1930-1944 | Naissance: | Arrestation: | Résidence:


Estelle Fanny Kalinsky was born on April 19, 1930 at 90 rue de Notre Dame in Nancy, in the Meurthe-et-Moselle department of France. She was born into a Jewish family with Polish and German roots. She had three sisters, Sylvia (born on 29/09/1939), Rosa (born 03/07/1936) and Renée (born 07/06/1927). Estelle and Rosa were both schoolgirls, while Renée was a seamstress. As for her parents, her father Maurice Kalinsky (born 04/10/1905 in Cologne, Germany) was a hairdresser, and her mother Machla Baila (born in Lask on August 17, 1908) was a housewife.

Both parents were arrested in October 1942 and deported to Auschwitz on Convoy 42, when the Final Solution was put into effect. The children were then sent to the Lamarck children’s home, which was run by the UGIF (Union Générale des Israélites de France, or General Union of French Jews) on October 12, 1943. It was there that they met Denise Holstein, the children’s group supervisor at the UGIF home enter in Louveciennes, who they regarded as their nanny. The Prefectures and the Gestapo made it compulsory for all Jews to join the U.G.I.F. At the same time, all pre-existing Jewish organizations were closed down. The U.G.I.F. ran its own children’s homes, the first of which were founded at the time of the Vel d’Hiv round-up on July 16 and 17, 1942. Children who were “liberated” from the camps at Drancy, Pithiviers, Beaune-la Rolande and Poitiers had to be placed in U.G.I.F. homes. Estelle was one of these so-called “blocked” children, entrusted to the U.G.I.F. Blocked children’s names were listed in a special police register, and these particular “liberations” were, in reality, a sham. Such children could only be sent to UGIF homes, it was the German authorities who decided where to place them, and they and the Vichy regime kept strict control over them. They were thus assigned to the various UGIF homes: Louveciennes, the Rothschild orphanage, the Zysman boarding house in La Varenne, Saint-Mandé, Neuilly, rue Vauquelin and the vocational school on rue des Rosiers in Paris, and in Montreuil.

Estelle was the victim of a roundup that took place on July 22, 1944. Aloïs Brunner, the commandant of Drancy camp, issued the order for a series of roundups of all the UGIF homes for Jewish children, in retaliation for the failed attempt on Hitler’s life on July 20, 1944, and for various Resistance operations in France. On the night of July 21-22, 1944, the Gestapo carried out a sweep of the U.G.I.F. children’s homes, which housed the children of French Jews, most of whom had already been deported and murdered, and some foreign Jewish children. During this crackdown, eight children’s homes were raided, and both residents and staff were taken prisoner and subsequently deported. More than three hundred innocent children were arrested that night.

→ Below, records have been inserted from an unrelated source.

(* Let $\alpha>0$ be real. Then for every polynomial $f$, $$\langle u_0(\alpha),f\rangle=\frac{2^{\alpha}\,\Gamma(\alpha+1/2)}{\sqrt{\pi}\,\Gamma(\alpha)^2}\int_0^{\infty}f(x)\,e^{-x}x^{\alpha-1}K_0(x)\,dx,$$ and $u_0(\alpha)$ is positive-definite (i.e. $\langle u_0(\alpha),g\rangle>0$ for every polynomial $g\not\equiv0$ that is nonnegative on $\mathbb{R}$); in particular $u_0(\alpha)$ is regular, so there exists a unique monic polynomial sequence orthogonal with respect to $u_0(\alpha)$.
   Context: $K_0$ is the modified Bessel function of the second kind of order $0$. Let $\mathcal{A}$ be the differential operator $\mathcal{A}f(x)=-x^2f''(x)-xf'(x)+x^2f(x)$ with iterates $\mathcal{A}^n$. For $\alpha>0$, $p_n(x;\alpha)=(-1)^n e^{x}x^{-\alpha}\mathcal{A}^n(e^{-x}x^{\alpha})$ is a polynomial of degree $n$ with leading coefficient $(-2)^n(\alpha+1/2)_n$, and $P_n(x;\alpha)=p_n(x;\alpha)/\big((-2)^n(\alpha+1/2)_n\big)$. $u_0(\alpha)$ is the linear functional on polynomials determined by $\langle u_0(\alpha),P_k(\cdot;\alpha)\rangle=\delta_{0,k}$, $k\ge0$ (its moments are $\langle u_0(\alpha),x^n\rangle=[(\alpha)_n]^2/(2^n(\alpha+1/2)_n)$). A form $v$ is regular if there is a polynomial sequence $\{Q_n\}$, $\deg Q_n=n$, with $\langle v,Q_nQ_m\rangle=k_n\delta_{n,m}$, $k_n\neq0$. *)

theory Defs
  imports "HOL-Analysis.Analysis" "HOL-Computational_Algebra.Polynomial"
begin

definition bessel_K0 :: "real \<Rightarrow> real" where
  "bessel_K0 x = (LBINT t:{0..}. exp (- x * cosh t))"

definition u0_moment :: "real \<Rightarrow> nat \<Rightarrow> real" where
  "u0_moment \<alpha> n = (pochhammer \<alpha> n)^2 / (2^n * pochhammer (\<alpha> + 1/2) n)"

definition u0 :: "real \<Rightarrow> real poly \<Rightarrow> real" where
  "u0 \<alpha> f = (\<Sum>n\<le>degree f. coeff f n * u0_moment \<alpha> n)"

definition orthogonal_seq :: "(real poly \<Rightarrow> real) \<Rightarrow> (nat \<Rightarrow> real poly) \<Rightarrow> bool" where
  "orthogonal_seq v Q \<longleftrightarrow>
     (\<forall>n. degree (Q n) = n) \<and>
     (\<exists>k. (\<forall>n. k n \<noteq> (0::real)) \<and>
          (\<forall>n m. v (Q n * Q m) = (if n = m then k n else 0)))"

definition regular_form :: "(real poly \<Rightarrow> real) \<Rightarrow> bool" where
  "regular_form v \<longleftrightarrow> (\<exists>Q. orthogonal_seq v Q)"

definition positive_definite_form :: "(real poly \<Rightarrow> real) \<Rightarrow> bool" where
  "positive_definite_form v \<longleftrightarrow>
     (\<forall>g. g \<noteq> 0 \<and> (\<forall>x. poly g x \<ge> 0) \<longrightarrow> v g > 0)"

end

theory Submission
  imports Defs "HOL-Real_Asymp.Real_Asymp"
begin

(* For any
   positive-definite linear functional v, Gram-Schmidt orthogonalisation of the
   monomials 1, x, x^2, ... produces a monic orthogonal polynomial sequence, and
   any other monic orthogonal sequence coincides with it.  Hence v is regular.

   With K_0(x) = int_0^oo exp(-x cosh t) dt, Tonelli's theorem gives
     int_0^oo x^(s-1) e^(-x) K_0(x) dx = Gamma(s) int_0^oo (1 + cosh t)^(-s) dt
                                        = Gamma(s) 2^(-s) B(1/2, s),
   the last step by the substitution w = tanh(t/2)^2, which turns the integral
   into a Beta integral.  Via Gamma(a + k) = (a)_k Gamma(a) these are exactly the
   moments of u0 alpha (up to the stated constant), so the integral representation
   holds for monomials and, by linearity, for all polynomials.  Since K_0 > 0 the
   weight is positive on (0, oo), which makes u0 alpha positive definite. *)


section \<open>Positive-definite linear forms on polynomials\<close>

locale linear_poly_form =
  fixes v :: "real poly \<Rightarrow> real"
  assumes additive: "v (f + g) = v f + v g"
    and homogeneous: "v (smult c f) = c * v f"
begin

lemma map_zero [simp]: "v 0 = 0"
  using homogeneous[of 0 0] by simp

lemma map_diff: "v (f - g) = v f - v g"
  using additive[of "f - g" g] by simp

lemma map_sum: "v (\<Sum>k\<in>A. F k) = (\<Sum>k\<in>A. v (F k))"
  by (induction A rule: infinite_finite_induct) (auto simp: additive)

Estelle and two of her sisters, Renée and Rosa, were deported on Convoy 77 on July 31, 1944. This was the last large convoy to leave Drancy, carrying a large number of children from a number of different countries and arranged at short notice. It was bound for the Auschwitz-Birkenau camp, where it arrived on the night of August 3, 1944. Along with her sisters, Estelle, who was fourteen years old, was murdered in the gas chambers as soon as she arrived at the camp. Her official date of death was later declared to be August 5, 1944, this being the date used by the French authorities for all of the 847 people who were deported on Convoy 77 but not selected to work in the camp.

Of the Kalinsky family, only Estelle’s little sister, Sylvia, escaped with her life. She survived because she was adopted by a couple called Pivault from a nursery in Neuilly, who called her Christiane in order to avoid raising any suspicions. As a result, she also avoided being arrested during the round-ups that took place in Paris in July.